Neue Klassik: Unbewusste Vorahnung der globalen Krise ...

Studie zur "Neuen Klassik" beschreibt in globalen Indizien und folgernden Studien-Details die aufkommende Krise.
Diese Woche beginnt mit einer kurzen Trendnotiz: Die von W. M. Kunze 1997 mit ersten Trendnotizen vorbereitete und ab 2004 mit Kollegen*) begonnene Studie zur "Neuen Klassik" beschreibt in globalen Indizien und den hieraus notierten Details des "Neue-Klassik"-Trends das Aufkommen einer globalen konservativen Grundrichtung. Ein gespürter Trend bei den Menschen in Deutschland, EU und den Industriestaaten (zumindest) der Nordhalbkugel der Erde.

Dieser Neue-Klassik-Trend beinhaltet die Ausrichtung nach lokal-familiär-orientierten Werten, Sehnsucht nach Ethik und Echtheit und das allgemeine Bedürfnis nach lokaler Nähe und Abgrenzung nach außen. Dies zeigt sich in Mode und Kultur ("... Schnauzbart und Sauerbraten") leitet weiter zu neuem Nationalgefühl bis hin zu patriotischen bis militaristisch-abgrenzenden Bedürfnissen und desweiteren bis hin zu kleinen politischen Krisen und lokalen kriegerischen Auseinandersetzungen - wobei wir bei Letzterem eher auf die lokalen Aspekte hofften.
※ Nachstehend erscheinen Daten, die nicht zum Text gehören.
(* For $\epsilon\neq 0$, the map $$\Phi_{\epsilon}(x,y)=\left(\frac{\epsilon(\epsilon+1)x^{2}+\epsilon xy+(1-2\epsilon)x}{D(x,y)},\ \frac{\epsilon(2\epsilon-4)x^{2}-\epsilon(\epsilon+3)xy+6\epsilon x-\epsilon y^{2}+(2\epsilon+1)y}{D(x,y)}\right),$$ $D(x,y)=2\epsilon^{2}x^{2}-\epsilon(\epsilon+1)x-\epsilon y+2\epsilon+1$, admits a Lie symmetry and preserves a measure that is absolutely continuous with respect to the Lebesgue measure.
   Context: A (not identically zero) planar vector field $X$ is a Lie symmetry of a map $F$ if $X(F(\mathbf{x}))=DF(\mathbf{x})\,X(\mathbf{x})$, where $DF$ is the Jacobian matrix of $F$. The measure in question is nonzero. $\Phi_\epsilon$ is the KHK map of $\dot x=x(x+y-2)$, $\dot y=-x(2x+y-3)$. *)

theory Defs
  imports "HOL-Analysis.Analysis"
begin

text \<open>Where the denominator vanishes the map is undefined mathematically; in HOL
  division by zero yields 0, which only affects a Lebesgue-null set.\<close>

definition khk_D :: "real \<Rightarrow> real \<times> real \<Rightarrow> real" where
  "khk_D e p = (case p of (x, y) \<Rightarrow>
     2 * e^2 * x^2 - e * (e + 1) * x - e * y + 2 * e + 1)"

definition khk_Phi :: "real \<Rightarrow> real \<times> real \<Rightarrow> real \<times> real" where
  "khk_Phi e p = (case p of (x, y) \<Rightarrow>
     ((e * (e + 1) * x^2 + e * x * y + (1 - 2 * e) * x) / khk_D e (x, y),
      (e * (2 * e - 4) * x^2 - e * (e + 3) * x * y + 6 * e * x - e * y^2
        + (2 * e + 1) * y) / khk_D e (x, y)))"

definition lie_symmetry ::
  "(real \<times> real \<Rightarrow> real \<times> real) \<Rightarrow> (real \<times> real \<Rightarrow> real \<times> real) \<Rightarrow> bool" where
  "lie_symmetry F X \<longleftrightarrow>
     (\<exists>U. open U \<and> closure U = UNIV \<and> continuous_on U X \<and> (\<exists>p\<in>U. X p \<noteq> 0) \<and>
       (\<forall>p\<in>U. F p \<in> U \<longrightarrow>
          (\<exists>F'. (F has_derivative F') (at p) \<and> X (F p) = F' (X p))))"

definition preserves_ac_measure :: "(real \<times> real \<Rightarrow> real \<times> real) \<Rightarrow> bool" where
  "preserves_ac_measure F \<longleftrightarrow>
     (\<exists>\<mu> :: (real \<times> real) measure.
        sets \<mu> = sets lborel \<and> sigma_finite_measure \<mu> \<and>
        absolutely_continuous lborel \<mu> \<and> emeasure \<mu> UNIV \<noteq> 0 \<and>
        F \<in> borel_measurable borel \<and>
        (\<forall>B \<in> sets borel. emeasure \<mu> (F -` B) = emeasure \<mu> B))"

end

theory Submission
  imports Defs "HOL-Computational_Algebra.Polynomial"
begin

text \<open>The vector field is dx/dt = x H_y, dy/dt = -x H_x with the first integral H = ham.
  Its KHK map Phi_e is birational with inverse Phi_(-e), and outside the null set where den or
  jac_num vanishes it is a local diffeomorphism with Jacobian determinant jac_num / den^3.

  The Lie symmetry is X = -(x H_y, -x H_x) - (0, 2 e^2 x^2 H / (1 + e^2 x^2)); the identity
  X(Phi_e p) = DPhi_e(p) X(p) becomes a polynomial identity once the denominators are cleared.

  By the change of variables formula, the density rho = 1 / |x (1 + e^2 x^2)| is invariant as soon
  as rho(Phi_e p) |det DPhi_e(p)| = rho(p), which amounts to the polynomial identity
  x' (1 + e^2 x'^2) = x (1 + e^2 x^2) jac_num / den^3 for the first component x' of Phi_e(x, y).\<close>

section \<open>Lebesgue measure in the plane\<close>

text \<open>The library states change of variables only for vectors of type real^'n; these two
  isomorphisms transport it to pairs of reals.\<close>

definition pair_of_vec2 :: "real^2 \<Rightarrow> real \<times> real" where
  "pair_of_vec2 v = (v $ 1, v $ 2)"

definition vec2_of_pair :: "real \<times> real \<Rightarrow> real^2" where
  "vec2_of_pair p = vector [fst p, snd p]"

lemma pair_of_vec2_of_pair [simp]: "pair_of_vec2 (vec2_of_pair p) = p"
  by (simp add: pair_of_vec2_def vec2_of_pair_def)

lemma vec2_of_pair_of_vec2 [simp]: "vec2_of_pair (pair_of_vec2 v) = v"
  by (simp add: pair_of_vec2_def vec2_of_pair_def vec_eq_iff forall_2)

lemma bounded_linear_pair_of_vec2: "bounded_linear pair_of_vec2"
  by (auto intro!: linearI simp: linear_conv_bounded_linear[symmetric] pair_of_vec2_def)

lemma bounded_linear_vec2_of_pair: "bounded_linear vec2_of_pair"
  by (auto intro!: linearI
      simp: linear_conv_bounded_linear[symmetric] vec2_of_pair_def vec_eq_iff forall_2)

lemma borel_measurable_pair_of_vec2 [measurable]: "pair_of_vec2 \<in> borel_measurable borel"
  by (intro borel_measurable_continuous_onI linear_continuous_on bounded_linear_pair_of_vec2)

lemma Basis_real_pair: "(Basis :: (real \<times> real) set) = {(1, 0), (0, 1)}"
  by (auto simp: Basis_prod_def)

lemma distr_lborel_pair_of_vec2: "distr lborel borel pair_of_vec2 = lborel"
proof (rule lborel_eqI[symmetric])
  fix l u :: "real \<times> real"
  assume le: "\<And>b. b \<in> Basis \<Longrightarrow> l \<bullet> b \<le> u \<bullet> b"
  have lu: "fst l \<le> fst u" "snd l \<le> snd u"
    using le[of "(1, 0)"] le[of "(0, 1)"] by (auto simp: Basis_real_pair inner_Pair_0)
  have vimage_box: "pair_of_vec2 -` box l u = box (vec2_of_pair l) (vec2_of_pair u)"
    by (auto simp: mem_box_cart mem_box pair_of_vec2_def vec2_of_pair_def Basis_real_pair
        forall_2 inner_Pair_0)
  have Basis_vec2: "(Basis :: (real^2) set) = {axis 1 1, axis 2 1}"
    and axis_ne: "axis 1 (1::real) \<noteq> (axis 2 1 :: real^2)"
    by (auto simp: Basis_vec_def UNIV_2 axis_eq_axis)
  have "emeasure (distr lborel borel pair_of_vec2) (box l u)
      = ennreal ((fst u - fst l) * (snd u - snd l))"
    using lu axis_ne by (simp add: vimage_box Basis_vec2 emeasure_distr emeasure_lborel_box_eq
        inner_axis vec2_of_pair_def)
  then show "emeasure (distr lborel borel pair_of_vec2) (box l u) = (\<Prod>b\<in>Basis. (u - l) \<bullet> b)"
    by (simp add: Basis_real_pair inner_Pair_0)
qed simp

lemma emeasure_lborel_differentiable_image:
  fixes g :: "real^'n::{finite,wellorder} \<Rightarrow> real^'n::_"
  assumes S: "S \<in> sets borel" and gS: "g ` S \<in> sets borel"
    and g': "\<And>x. x \<in> S \<Longrightarrow> (g has_derivative g' x) (at x)" and inj: "inj_on g S"
    and J: "J \<in> borel_measurable borel" "\<And>x. x \<in> S \<Longrightarrow> J x = \<bar>det (matrix (g' x))\<bar>"
  shows "emeasure lborel (g ` S) = (\<integral>\<^sup>+ x. ennreal (J x) * indicator S x \<partial>lborel)"
proof -
  have S_leb: "S \<in> sets lebesgue" and gS_leb: "g ` S \<in> sets lebesgue"
    using S gS by simp_all
  have g'_within: "\<And>x. x \<in> S \<Longrightarrow> (g has_derivative g' x) (at x within S)"
    using g' has_derivative_at_withinI by blast
  have emeasure_gS: "emeasure lborel (g ` S) = emeasure lebesgue (g ` S)"
    using gS by simp
  have integrand: "(\<integral>\<^sup>+ x. ennreal (J x) * indicator S x \<partial>lborel)
      = (\<integral>\<^sup>+ x. ennreal \<bar>det (matrix (g' x))\<bar> * indicator S x \<partial>lborel)"
    by (intro nn_integral_cong) (auto simp: J indicator_def)
  show ?thesis
  proof (cases "g ` S \<in> lmeasurable")
    case True
    then have "((\<lambda>x. \<bar>det (matrix (g' x))\<bar>) has_integral measure lebesgue (g ` S)) S"
      using has_measure_differentiable_image[OF S_leb g'_within inj] by blast
    then have "(\<integral>\<^sup>+ x. ennreal \<bar>det (matrix (g' x))\<bar> * indicator S x \<partial>lborel)
        = ennreal (measure lebesgue (g ` S))"
      by (rule nn_integral_has_integral_lebesgue'[rotated]) simp
    then show ?thesis
      using True by (simp add: emeasure_gS integrand emeasure_eq_measure2)
  next
    case False
    then have "emeasure lebesgue (g ` S) = \<infinity>"
      using gS_leb by (auto intro: fmeasurableI simp: less_top)
    moreover have "(\<integral>\<^sup>+ x. ennreal (J x) * indicator S x \<partial>lborel) = \<infinity>"
    proof (rule ccontr)
      assume "(\<integral>\<^sup>+ x. ennreal (J x) * indicator S x \<partial>lborel) \<noteq> \<infinity>"
      moreover have "(\<integral>\<^sup>+ x. ennreal (J x) * indicator S x \<partial>lborel)
          = (\<integral>\<^sup>+ x. ennreal (indicator S x * J x) \<partial>lborel)"
        by (intro nn_integral_cong) (simp add: indicator_def)
      ultimately have "(\<lambda>x. indicator S x * J x) integrable_on UNIV"
        using S J by (intro nn_integral_integrable_on) (auto simp: indicator_def less_top)
      then have "(\<lambda>x. if x \<in> S then \<bar>det (matrix (g' x))\<bar> else 0) integrable_on UNIV"
        by (rule integrable_eq) (simp add: J indicator_def)
      then have "(\<lambda>x. \<bar>det (matrix (g' x))\<bar>) integrable_on S"
        by (simp only: integrable_restrict_UNIV)
      then show False
        using False measurable_differentiable_image_eq[OF S_leb g'_within inj] by blast
    qed
    ultimately show ?thesis
      by (simp add: emeasure_gS)
  qed
qed

definition det_pair :: "(real \<times> real \<Rightarrow> real \<times> real) \<Rightarrow> real" where
  "det_pair L = fst (L (1, 0)) * snd (L (0, 1)) - fst (L (0, 1)) * snd (L (1, 0))"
Hier im trendquest-Weblog publizieren wir seit 2005 für Sie Auszüge der Studie, Einzelbeiträge und Notizen. Und wir sind nun dabei, die Studie zur Neuen Klassik abzuschließen. Unter soziökonomischen Gesichtspunkten zeigt sich (leider): Die Neue Klassik ist (mit ersten Indizien 1998) die Vorahnung der aktuellen global wirkenden und noch wachsenden Struktur-Krise (Wirtschaft, Energie, soziale und politische Strukturen).

Wir werden hierzu bis Ende der kommenden Woche weitere Ergänzungen publizieren. Außerdem steht die Frage im Raum nach kommenden sozialökonomischen Megatrends:
Was kommt nach der Neuen Klassik?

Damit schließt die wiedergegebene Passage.